Democrats must realize that they will not win by writing well-reasoned op-eds. Cable host tirades will be of little use. Panel discussions will be irrelevant. Clever ads highlighting GOP hypocrisy won’t do the trick. Angry editorials in the New York Times won’t help. Not even a freckin’ David Brooks column (“conservatives should realize they have an interest in preserving democratic norms!“) will do them any good. Passionate speeches on the floor of the US Senate? Fuggedabout it. This is about power.
I’ll let you read, and make up your mind about, the rest of David’s argument here. There are so many other RBG stories I could recommend to you right now (starting with Kara Voght’s smart look at how expanding the Supreme Court is gaining traction among Democrats)—it’s just extraordinary how the team keeps cranking out smart reporting to help make sense of the overwhelming nature of this moment.
We’d also love to hear your stories of Ruth Bader Ginsburg.

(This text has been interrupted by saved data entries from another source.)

(* Let $\tau(t)$ be a tau function of the KP hierarchy, $n\ge1$, and $\alpha_1,\dots,\alpha_n$ nonzero distinct complex numbers. Put $f(t,\alpha,\beta)=\frac{\tau(t+[\beta]-[\alpha])}{\beta-\alpha}$ and, for $|\beta|<|\alpha|$, expand $f(t,\alpha,\beta)=\sum_{j\ge0}f_j(t,\alpha)\beta^j$. Let $D=\det\big(f(t,\alpha_j,\beta_i)\big)_{1\le i,j\le n}$ and $F=D/\prod_{1\le i<j\le n}(\beta_j-\beta_i)$, which extends holomorphically to $\beta_i=0$. Define $F_0=F$ and $F_k=F_{k-1}|_{\beta_k=0}$ for $1\le k\le n$. Let $\mathcal B_k=\prod_{k\le i<j\le n}(\beta_j-\beta_i)$ for $1\le k\le n-1$ and $\mathcal B_n=\mathcal B_{n+1}=1$. Then for $1\le k\le n$, $$F_k=\frac{D_k}{\mathcal B_{k+1}\prod_{j=k+1}^n\beta_j^k},$$ where $D_k$ is the $n\times n$ determinant whose $(i,j)$ entry is $f_{i-1}(t,\alpha_j)$ for $1\le i\le k$ and $f(t,\alpha_j,\beta_i)$ for $k+1\le i\le n$ (the empty product for $k=n$ being $1$). In particular $F_n=\det\big(f_{i-1}(t,\alpha_j)\big)_{1\le i,j\le n}$.
   Context: Let $t=(t_1,t_2,t_3,\dots)$ be infinitely many variables. For a complex number $z$ put $[z]=(z,z^2/2,z^3/3,\dots)$ and $\eta(t,z)=\sum_{j\ge1}t_jz^j$. A tau function of the KP hierarchy is a nonzero function $\tau(t)$ satisfying the bilinear identity $\mathrm{res}_{z=0}\,\tau(t-s-[z])\tau(t+s+[z])e^{-2\eta(s,z^{-1})}\frac{dz}{z^2}=0$ for all $s=(s_1,s_2,\dots)$. *)

theory Defs
  imports "HOL-Complex_Analysis.Complex_Analysis" "Jordan_Normal_Form.Determinant"
begin

text \<open>Times t = (t_1, t_2, ...) are encoded as t :: nat => complex with t j = t_(j+1).\<close>

definition kp_bracket :: "complex \<Rightarrow> nat \<Rightarrow> complex" where
  "kp_bracket z = (\<lambda>j. z ^ Suc j / of_nat (Suc j))"

definition kp_eta :: "(nat \<Rightarrow> complex) \<Rightarrow> complex \<Rightarrow> complex" where
  "kp_eta s z = (\<Sum>j. s j * z ^ Suc j)"

text \<open>KP tau function: nonzero, and the bilinear residue identity holds
  (for all finitely supported s, where eta(s, 1/z) is a finite sum).\<close>
definition KP_tau :: "((nat \<Rightarrow> complex) \<Rightarrow> complex) \<Rightarrow> bool" where
  "KP_tau tau \<longleftrightarrow> (\<exists>t. tau t \<noteq> 0) \<and>
     (\<forall>t s. finite {j. s j \<noteq> 0} \<longrightarrow>
        residue (\<lambda>z. tau (\<lambda>j. t j - s j - kp_bracket z j) * tau (\<lambda>j. t j + s j + kp_bracket z j)
                      * exp (- 2 * kp_eta s (1 / z)) / z ^ 2) 0 = 0)"

definition kp_f :: "((nat \<Rightarrow> complex) \<Rightarrow> complex) \<Rightarrow> (nat \<Rightarrow> complex) \<Rightarrow> complex \<Rightarrow> complex \<Rightarrow> complex" where
  "kp_f tau t a b = tau (\<lambda>j. t j + kp_bracket b j - kp_bracket a j) / (b - a)"

definition kp_fcoef :: "((nat \<Rightarrow> complex) \<Rightarrow> complex) \<Rightarrow> (nat \<Rightarrow> complex) \<Rightarrow> nat \<Rightarrow> complex \<Rightarrow> complex" where
  "kp_fcoef tau t m a = (deriv ^^ m) (kp_f tau t a) 0 / fact m"

text \<open>All indices are 0-based: alpha_(j+1) = al j, beta_(i+1) = b i.\<close>
definition kp_D :: "((nat \<Rightarrow> complex) \<Rightarrow> complex) \<Rightarrow> (nat \<Rightarrow> complex) \<Rightarrow> (nat \<Rightarrow> complex) \<Rightarrow> nat \<Rightarrow> (nat \<Rightarrow> complex) \<Rightarrow> complex" where
  "kp_D tau t al n b = det (mat n n (\<lambda>(i, j). kp_f tau t (al j) (b i)))"

text \<open>kp_B k b = prod over k <= i < j < n of (b j - b i)  (paper's B_(k+1)).\<close>
definition kp_B :: "nat \<Rightarrow> nat \<Rightarrow> (nat \<Rightarrow> complex) \<Rightarrow> complex" where
  "kp_B n k b = (\<Prod>i\<in>{k..<n}. \<Prod>j\<in>{Suc i..<n}. (b j - b i))"

text \<open>F_0 = D / Vandermonde; F_(k+1) is F_k restricted to beta_(k+1) = 0, i.e. the
  limit (value of the holomorphic extension) as b k tends to 0.\<close>
fun kp_F :: "((nat \<Rightarrow> complex) \<Rightarrow> complex) \<Rightarrow> (nat \<Rightarrow> complex) \<Rightarrow> (nat \<Rightarrow> complex) \<Rightarrow> nat \<Rightarrow> nat \<Rightarrow> (nat \<Rightarrow> complex) \<Rightarrow> complex" where
  "kp_F tau t al n 0 b = kp_D tau t al n b / kp_B n 0 b"
| "kp_F tau t al n (Suc k) b = Lim (at 0) (\<lambda>x. kp_F tau t al n k (b(k := x)))"

definition kp_Dk :: "((nat \<Rightarrow> complex) \<Rightarrow> complex) \<Rightarrow> (nat \<Rightarrow> complex) \<Rightarrow> (nat \<Rightarrow> complex) \<Rightarrow> nat \<Rightarrow> nat \<Rightarrow> (nat \<Rightarrow> complex) \<Rightarrow> complex" where
  "kp_Dk tau t al n k b = det (mat n n (\<lambda>(i, j).
      if i < k then kp_fcoef tau t i (al j) else kp_f tau t (al j) (b i)))"

end

theory Submission
  imports Defs
begin

text \<open>Put \<open>\<beta>\<^sub>k = x\<close> in the formula for \<open>F\<^sub>k\<^sub>-\<^sub>1\<close>. The first \<open>k - 1\<close> rows of
  \<open>D\<^sub>k\<^sub>-\<^sub>1\<close> are the Taylor coefficients \<open>f\<^sub>0, \<dots>, f\<^sub>k\<^sub>-\<^sub>2\<close> of its \<open>k\<close>-th row
  \<open>f(t, \<alpha>\<^sub>j, x)\<close>, so by linearity in that row \<open>D\<^sub>k\<^sub>-\<^sub>1 / x\<^sup>k\<^sup>-\<^sup>1 \<rightarrow> D\<^sub>k\<close> as \<open>x \<rightarrow> 0\<close>.
  This cancels the factor \<open>x\<^sup>k\<^sup>-\<^sup>1\<close> of the denominator, while the Vandermonde factors
  \<open>\<beta>\<^sub>j - x\<close> tend to \<open>\<beta>\<^sub>j\<close> and raise the power of each remaining \<open>\<beta>\<^sub>j\<close> by one. Only the holomorphy of \<open>f(t, \<alpha>\<^sub>j, \<cdot>)\<close> on
  \<open>|\<beta>| < |\<alpha>\<^sub>j|\<close> is used.\<close>

lemma holomorphic_taylor_remainder_tendsto:
  fixes g :: "complex \<Rightarrow> complex"
  assumes hol: "g holomorphic_on ball 0 r" and r: "r > 0"
  shows "((\<lambda>x. (g x - (\<Sum>m<k. (deriv ^^ m) g 0 / fact m * x ^ m)) / x ^ k)
          \<longlongrightarrow> (deriv ^^ k) g 0 / fact k) (at 0)"
proof -
  define c where "c m = (deriv ^^ m) g 0 / fact m" for m
  define P where "P x = (\<Sum>m. c (m + k) * x ^ m)" for x
  have tail_sums: "(\<lambda>m. c (m + k) * w ^ m) sums ((g w - (\<Sum>m<k. c m * w ^ m)) / w ^ k)"
    if w: "w \<in> ball 0 r" "w \<noteq> 0" for w
  proof -
    have "(\<lambda>m. c m * w ^ m) sums g w"
      using holomorphic_power_series[OF hol w(1)] by (simp add: c_def)
    then have "(\<lambda>m. c (m + k) * w ^ (m + k)) sums (g w - (\<Sum>m<k. c m * w ^ m))"
      using sums_iff_shift[of "\<lambda>m. c m * w ^ m" k] by simp
    from sums_divide[OF this, of "w ^ k"] show ?thesis
      using w(2) by (simp add: power_add)
  qed
  define w0 where "w0 = complex_of_real (r / 2)"
  have w0: "w0 \<in> ball 0 r" "w0 \<noteq> 0"
    using r by (auto simp: w0_def)
  have "isCont P 0"
    unfolding P_def
    by (rule isCont_powser[of _ w0]) (use tail_sums[OF w0] w0(2) in \<open>auto simp: sums_iff\<close>)
  moreover have "P 0 = c k"
    unfolding P_def using powser_zero[of "\<lambda>m. c (m + k)"] by simp
  ultimately have "(P \<longlongrightarrow> c k) (at 0)"
    by (simp add: isCont_def)
  moreover have "eventually (\<lambda>x. P x = (g x - (\<Sum>m<k. c m * x ^ m)) / x ^ k) (at 0)"
    unfolding eventually_at using r
    by (intro exI[of _ r]) (auto simp: P_def dist_norm tail_sums[THEN sums_unique])
  ultimately show ?thesis
    unfolding c_def using tendsto_cong by fastforce
qed

lemma det_mat_linear_in_row:
  fixes E :: "nat \<Rightarrow> nat \<Rightarrow> 'a::comm_ring_1"
  assumes "r < n"
  shows "det (mat n n (\<lambda>(i, j). if i = r then v j else E i j)) =
     (\<Sum>j<n. v j * cofactor (mat n n (\<lambda>(i, j). if i = r then 0 else E i j)) r j)"
proof -
  let ?A = "mat n n (\<lambda>(i, j). if i = r then v j else E i j)"
  let ?Z = "mat n n (\<lambda>(i, j). if i = r then 0 else E i j)"
  have "mat_delete ?A r j = mat_delete ?Z r j" for j
    unfolding mat_delete_def by (rule eq_matI) (use assms in auto)
  then have cofactor_eq: "cofactor ?A r j = cofactor ?Z r j" for j
    by (simp add: cofactor_def)
  have "det ?A = (\<Sum>j<n. ?A $$ (r, j) * cofactor ?A r j)"
    by (rule laplace_expansion_row) (use assms in auto)
  also have "\<dots> = (\<Sum>j<n. v j * cofactor ?Z r j)"
    using assms by (simp add: cofactor_eq)
  finally show ?thesis .
qed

Let us know what RBG meant to you and we will share some of your thoughts with other readers, because never have we needed to hear from each other more than this year.
One of the remarkable things about 2020 is that every single punch that it’s delivered has shown how the big challenges we’re confronting are all connected: Among the cases before the Supreme Court this term is one that could destroy Obamacare and strip millions of coverage—in the middle of a pandemic that has killed 200,000 Americans already. Yes, 200,000. And indeed, amid the frenzy of Supreme Court headlines, senior editor Kiera Butler and the reporters who have been working on our Pandemic-Proofing America series (which focuses on long-term solutions) also pulled together expert perspectives on the grim threshold of 200,000 coronavirus deaths that America passed this weekend. That story ends with this somber note from Boston Medical Center infectious disease specialist Nahid Bhadelia:
“Imagine then that we are looking at a country with some of the highest resources per capita where a small group of ill-informed politicians swayed large swath of the population to believe that there was no pandemic and hence became the largest producer of COVID-19 deaths globally. In another reality, the world would be decrying this ill-informed nation and looking to make humanitarian interventions to help.”

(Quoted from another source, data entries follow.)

lemma opt_soft_Q_avg_reward_le_midpoint:
  assumes Q1: "is_opt_soft_Q S A P \<gamma> r1 Q1" and Q2: "is_opt_soft_Q S A P \<gamma> r2 Q2"
    and QC: "is_opt_soft_Q S A P \<gamma> (\<lambda>s a. (r1 s a + r2 s a) / 2) QC"
  shows "QC s a \<le> (Q1 s a + Q2 s a) / 2"
proof -
  define Q where "Q = (\<lambda>s a. (Q1 s a + Q2 s a) / 2)"
  have Q1_bb: "bounded_borel_Q S A Q1" and Q2_bb: "bounded_borel_Q S A Q2"
    and QC_bb: "bounded_borel_Q S A QC" and Q_bb: "bounded_borel_Q S A Q"
    using Q1 Q2 QC by (simp_all add: is_opt_soft_Q_bounded_borel bounded_borel_Q_midpoint Q_def)
  obtain MC M where MC: "\<And>s a. \<bar>QC s a\<bar> \<le> MC" and M: "\<And>s a. \<bar>Q s a\<bar> \<le> M"
    using QC_bb Q_bb unfolding bounded_borel_Q_def by (metis bounded_range_case_prod_abs_le)
  define f where "f = (\<lambda>(s, a). QC s a - Q s a)"
  have "f (s, a) \<le> 0"
  proof (rule nonpos_if_upper_bound_contracts[where f=f, OF _ discount_less_one])
    show "bdd_above (range f)"
    proof (rule bdd_aboveI2[where M="MC + M"])
      show "f p \<le> MC + M" for p
        using MC[of "fst p" "snd p"] M[of "fst p" "snd p"] by (simp add: f_def split_beta abs_le_iff)
    qed
    show "f x \<le> \<gamma> * K" if K: "\<And>y. f y \<le> K" for K x
    proof -
      obtain s a where x: "x = (s, a)"
        by fastforce
      have "soft_V A QC s' - (soft_V A Q1 s' + soft_V A Q2 s') / 2 \<le> K" for s'
      proof -
        have "soft_V A QC s' \<le> soft_V A Q s' + K"
        proof (intro soft_V_le_add integrable_exp_soft_Q QC_bb Q_bb)
          show "QC s' a' \<le> Q s' a' + K" for a'
            using K[of "(s', a')"] by (simp add: f_def)
        qed
        then show ?thesis
          using soft_V_midpoint_le_mean[OF Q1_bb Q2_bb, of s'] unfolding Q_def by linarith
      qed
      then have "(\<integral>s'. soft_V A QC s' - (soft_V A Q1 s' + soft_V A Q2 s') / 2 \<partial>P s a) \<le> K"
        using integrable_soft_V[OF Q1_bb] integrable_soft_V[OF Q2_bb] integrable_soft_V[OF QC_bb]
        by (intro prob_space.integral_le_const[OF prob_space_P]) auto
      then show "f x \<le> \<gamma> * K"
        unfolding x f_def Q_def opt_soft_Q_midpoint_gap[OF Q1 Q2 QC]
        using discount_nonneg by (simp add: mult_left_mono)
    qed
  qed
  then show ?thesis
    by (simp add: f_def Q_def)
qed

I tend to be an optimist, but as I wrote this note to you—watching our nation’s leaders pledging to tear down a pathbreaking woman’s legacy with her body barely cold—I struggled to see the light at the end of an ever-longer tunnel. Then, late at night, the teen emerged from her room again. “I want to show you something,” she said. She had just watched Rep. Alexandria Ocasio-Cortez on Instagram, sharing her thoughts on the election and RGB, and played me a clip:
“Yes, our democracy is at a faint heartbeat. It was broken even before this administration began. But so long as possibilities remain before us, so long as we can save lives, we have an obligation to generations who will come after us to do everything we can to grow the future.”
The teen’s eyes sparkled and I thought: If she can see a future, so can the rest of us.